Exercise brief: After counting the lines below that hold the word "agree", reply with the count and nothing else.

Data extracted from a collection
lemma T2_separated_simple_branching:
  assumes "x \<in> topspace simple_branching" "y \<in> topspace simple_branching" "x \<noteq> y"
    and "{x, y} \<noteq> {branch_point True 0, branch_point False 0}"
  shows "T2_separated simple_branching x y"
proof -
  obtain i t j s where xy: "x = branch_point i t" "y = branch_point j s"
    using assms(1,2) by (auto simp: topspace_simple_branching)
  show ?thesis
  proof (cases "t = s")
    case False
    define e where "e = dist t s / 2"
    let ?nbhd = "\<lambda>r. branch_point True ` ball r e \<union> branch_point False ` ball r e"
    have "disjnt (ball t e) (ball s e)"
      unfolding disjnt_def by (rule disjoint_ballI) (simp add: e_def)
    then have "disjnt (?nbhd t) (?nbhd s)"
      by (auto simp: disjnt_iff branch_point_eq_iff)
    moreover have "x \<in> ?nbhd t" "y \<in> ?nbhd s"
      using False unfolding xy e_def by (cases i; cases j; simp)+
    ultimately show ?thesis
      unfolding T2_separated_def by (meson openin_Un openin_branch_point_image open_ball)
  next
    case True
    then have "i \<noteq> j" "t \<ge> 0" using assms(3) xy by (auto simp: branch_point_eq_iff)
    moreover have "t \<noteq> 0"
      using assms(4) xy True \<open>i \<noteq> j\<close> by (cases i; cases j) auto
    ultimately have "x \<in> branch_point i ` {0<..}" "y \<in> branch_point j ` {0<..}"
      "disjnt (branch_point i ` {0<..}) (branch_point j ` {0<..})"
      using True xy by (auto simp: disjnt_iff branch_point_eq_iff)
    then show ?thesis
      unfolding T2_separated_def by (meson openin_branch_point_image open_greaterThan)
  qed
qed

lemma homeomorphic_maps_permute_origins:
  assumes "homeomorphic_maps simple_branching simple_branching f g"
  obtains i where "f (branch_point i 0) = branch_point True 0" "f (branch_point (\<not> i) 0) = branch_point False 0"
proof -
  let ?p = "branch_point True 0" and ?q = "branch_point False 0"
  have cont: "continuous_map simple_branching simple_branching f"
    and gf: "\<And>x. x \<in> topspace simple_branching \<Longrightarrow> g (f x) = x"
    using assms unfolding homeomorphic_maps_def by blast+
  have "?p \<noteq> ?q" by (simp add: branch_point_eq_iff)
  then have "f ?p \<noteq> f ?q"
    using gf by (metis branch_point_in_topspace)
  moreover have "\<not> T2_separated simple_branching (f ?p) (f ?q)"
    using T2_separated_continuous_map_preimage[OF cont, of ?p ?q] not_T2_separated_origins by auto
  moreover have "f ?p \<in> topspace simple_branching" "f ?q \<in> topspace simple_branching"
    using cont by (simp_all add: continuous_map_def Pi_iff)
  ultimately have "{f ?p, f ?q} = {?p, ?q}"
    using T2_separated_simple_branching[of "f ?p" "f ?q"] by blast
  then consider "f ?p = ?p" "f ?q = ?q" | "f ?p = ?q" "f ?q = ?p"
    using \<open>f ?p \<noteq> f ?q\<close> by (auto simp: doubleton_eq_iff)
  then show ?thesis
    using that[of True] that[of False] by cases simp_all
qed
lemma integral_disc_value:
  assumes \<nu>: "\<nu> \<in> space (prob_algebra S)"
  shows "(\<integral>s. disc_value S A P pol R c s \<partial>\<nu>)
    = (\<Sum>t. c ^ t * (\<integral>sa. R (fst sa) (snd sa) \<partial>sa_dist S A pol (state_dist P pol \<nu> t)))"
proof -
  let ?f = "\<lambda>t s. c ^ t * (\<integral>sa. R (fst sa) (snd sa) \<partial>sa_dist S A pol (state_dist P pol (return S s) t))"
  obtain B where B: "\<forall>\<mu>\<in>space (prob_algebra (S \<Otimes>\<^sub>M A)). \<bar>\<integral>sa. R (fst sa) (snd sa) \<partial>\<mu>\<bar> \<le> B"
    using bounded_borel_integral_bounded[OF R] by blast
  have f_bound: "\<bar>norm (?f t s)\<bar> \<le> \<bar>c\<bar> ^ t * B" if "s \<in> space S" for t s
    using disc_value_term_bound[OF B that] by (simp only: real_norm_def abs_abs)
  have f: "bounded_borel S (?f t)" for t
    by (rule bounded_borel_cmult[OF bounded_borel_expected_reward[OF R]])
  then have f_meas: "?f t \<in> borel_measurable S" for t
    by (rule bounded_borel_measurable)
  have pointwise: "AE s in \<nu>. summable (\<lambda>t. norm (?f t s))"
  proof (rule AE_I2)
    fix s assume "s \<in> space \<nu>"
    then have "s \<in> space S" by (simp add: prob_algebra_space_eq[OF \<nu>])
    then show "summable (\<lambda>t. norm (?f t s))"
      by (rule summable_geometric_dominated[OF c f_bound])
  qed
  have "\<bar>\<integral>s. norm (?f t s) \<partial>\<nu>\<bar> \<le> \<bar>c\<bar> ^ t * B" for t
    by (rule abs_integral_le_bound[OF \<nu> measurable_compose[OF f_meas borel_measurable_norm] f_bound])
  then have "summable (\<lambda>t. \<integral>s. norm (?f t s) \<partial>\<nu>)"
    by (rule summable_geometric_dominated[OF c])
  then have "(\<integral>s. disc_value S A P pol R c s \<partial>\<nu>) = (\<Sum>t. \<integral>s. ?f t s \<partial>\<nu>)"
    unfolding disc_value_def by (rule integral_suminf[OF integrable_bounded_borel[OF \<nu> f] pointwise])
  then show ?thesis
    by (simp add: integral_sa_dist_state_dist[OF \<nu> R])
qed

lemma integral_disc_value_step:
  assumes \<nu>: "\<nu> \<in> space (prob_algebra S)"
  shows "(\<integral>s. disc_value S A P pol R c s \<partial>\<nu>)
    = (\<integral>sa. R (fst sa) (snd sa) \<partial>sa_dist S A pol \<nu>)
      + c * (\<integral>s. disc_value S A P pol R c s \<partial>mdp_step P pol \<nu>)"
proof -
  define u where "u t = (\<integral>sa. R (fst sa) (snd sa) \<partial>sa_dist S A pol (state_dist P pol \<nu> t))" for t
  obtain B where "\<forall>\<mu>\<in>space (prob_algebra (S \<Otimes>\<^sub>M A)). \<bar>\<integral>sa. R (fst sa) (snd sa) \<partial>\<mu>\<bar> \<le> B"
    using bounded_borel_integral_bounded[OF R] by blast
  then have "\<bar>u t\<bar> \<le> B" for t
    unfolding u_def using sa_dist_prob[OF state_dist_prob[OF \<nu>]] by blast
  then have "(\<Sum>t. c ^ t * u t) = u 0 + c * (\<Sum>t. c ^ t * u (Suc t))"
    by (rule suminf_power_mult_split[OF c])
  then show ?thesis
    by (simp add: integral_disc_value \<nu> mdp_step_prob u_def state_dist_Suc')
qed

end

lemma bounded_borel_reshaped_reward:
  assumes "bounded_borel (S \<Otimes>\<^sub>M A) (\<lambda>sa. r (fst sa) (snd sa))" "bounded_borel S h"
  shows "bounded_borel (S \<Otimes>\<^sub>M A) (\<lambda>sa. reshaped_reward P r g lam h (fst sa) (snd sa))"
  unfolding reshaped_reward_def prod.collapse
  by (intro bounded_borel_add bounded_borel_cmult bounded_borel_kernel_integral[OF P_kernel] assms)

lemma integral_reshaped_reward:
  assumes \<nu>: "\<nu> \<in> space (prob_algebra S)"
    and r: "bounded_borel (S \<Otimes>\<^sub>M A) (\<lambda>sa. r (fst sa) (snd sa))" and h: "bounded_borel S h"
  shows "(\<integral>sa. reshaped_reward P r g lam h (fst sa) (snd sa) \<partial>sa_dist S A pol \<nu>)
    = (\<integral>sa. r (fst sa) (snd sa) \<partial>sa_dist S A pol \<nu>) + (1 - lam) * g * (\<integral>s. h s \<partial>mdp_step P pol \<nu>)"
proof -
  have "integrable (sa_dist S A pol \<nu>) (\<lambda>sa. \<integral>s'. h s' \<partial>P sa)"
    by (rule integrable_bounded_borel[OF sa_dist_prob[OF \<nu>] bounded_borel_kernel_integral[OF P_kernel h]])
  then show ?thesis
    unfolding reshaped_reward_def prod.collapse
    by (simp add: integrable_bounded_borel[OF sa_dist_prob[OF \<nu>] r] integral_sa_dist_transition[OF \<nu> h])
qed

--

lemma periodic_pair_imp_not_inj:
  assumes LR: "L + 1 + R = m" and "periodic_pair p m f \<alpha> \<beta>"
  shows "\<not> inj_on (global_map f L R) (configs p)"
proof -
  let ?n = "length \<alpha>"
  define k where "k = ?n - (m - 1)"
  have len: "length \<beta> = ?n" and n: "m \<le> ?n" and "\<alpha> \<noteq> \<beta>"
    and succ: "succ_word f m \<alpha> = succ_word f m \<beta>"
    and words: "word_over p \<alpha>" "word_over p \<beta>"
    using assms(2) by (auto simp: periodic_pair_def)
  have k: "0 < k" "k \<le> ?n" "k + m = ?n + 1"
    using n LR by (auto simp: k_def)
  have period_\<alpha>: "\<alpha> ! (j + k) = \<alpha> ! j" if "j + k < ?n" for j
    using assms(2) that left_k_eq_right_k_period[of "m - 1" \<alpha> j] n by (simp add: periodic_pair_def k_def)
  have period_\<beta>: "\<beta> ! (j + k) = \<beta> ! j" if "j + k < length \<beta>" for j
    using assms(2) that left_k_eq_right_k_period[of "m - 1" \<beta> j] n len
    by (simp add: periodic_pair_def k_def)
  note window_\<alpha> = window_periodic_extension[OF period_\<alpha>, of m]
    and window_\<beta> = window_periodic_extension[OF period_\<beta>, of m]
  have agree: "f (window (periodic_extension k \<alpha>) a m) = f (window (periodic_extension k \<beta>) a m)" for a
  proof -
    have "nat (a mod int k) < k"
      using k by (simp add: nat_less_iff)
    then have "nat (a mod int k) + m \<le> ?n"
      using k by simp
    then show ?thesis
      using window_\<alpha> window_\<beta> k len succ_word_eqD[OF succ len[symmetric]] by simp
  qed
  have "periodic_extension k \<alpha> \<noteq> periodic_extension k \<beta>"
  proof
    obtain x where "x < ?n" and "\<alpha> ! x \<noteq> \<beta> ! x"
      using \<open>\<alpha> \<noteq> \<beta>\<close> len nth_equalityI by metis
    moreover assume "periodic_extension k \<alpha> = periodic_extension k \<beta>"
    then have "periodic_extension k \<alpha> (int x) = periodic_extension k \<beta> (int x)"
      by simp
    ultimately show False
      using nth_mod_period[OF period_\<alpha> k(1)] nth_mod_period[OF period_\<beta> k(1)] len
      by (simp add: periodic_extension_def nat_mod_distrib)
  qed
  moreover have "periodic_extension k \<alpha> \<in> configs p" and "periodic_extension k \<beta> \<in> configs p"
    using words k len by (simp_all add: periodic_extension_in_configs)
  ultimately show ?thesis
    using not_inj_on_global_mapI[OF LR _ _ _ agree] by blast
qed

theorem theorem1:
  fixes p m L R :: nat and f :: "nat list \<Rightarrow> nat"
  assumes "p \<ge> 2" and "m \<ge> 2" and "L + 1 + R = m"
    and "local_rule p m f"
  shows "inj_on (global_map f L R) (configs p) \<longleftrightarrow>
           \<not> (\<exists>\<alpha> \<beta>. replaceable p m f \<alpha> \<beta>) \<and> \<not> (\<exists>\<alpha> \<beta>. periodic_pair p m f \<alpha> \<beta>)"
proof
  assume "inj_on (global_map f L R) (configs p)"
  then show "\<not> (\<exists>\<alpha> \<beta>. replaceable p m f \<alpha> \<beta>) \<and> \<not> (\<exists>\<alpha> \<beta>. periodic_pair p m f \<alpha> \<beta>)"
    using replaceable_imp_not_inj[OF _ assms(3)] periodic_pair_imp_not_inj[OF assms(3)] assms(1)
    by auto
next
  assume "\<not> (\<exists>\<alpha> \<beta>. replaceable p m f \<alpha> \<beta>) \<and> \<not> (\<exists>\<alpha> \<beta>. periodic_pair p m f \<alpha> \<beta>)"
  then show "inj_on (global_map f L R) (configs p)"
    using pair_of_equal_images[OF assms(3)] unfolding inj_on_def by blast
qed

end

Your solution: 2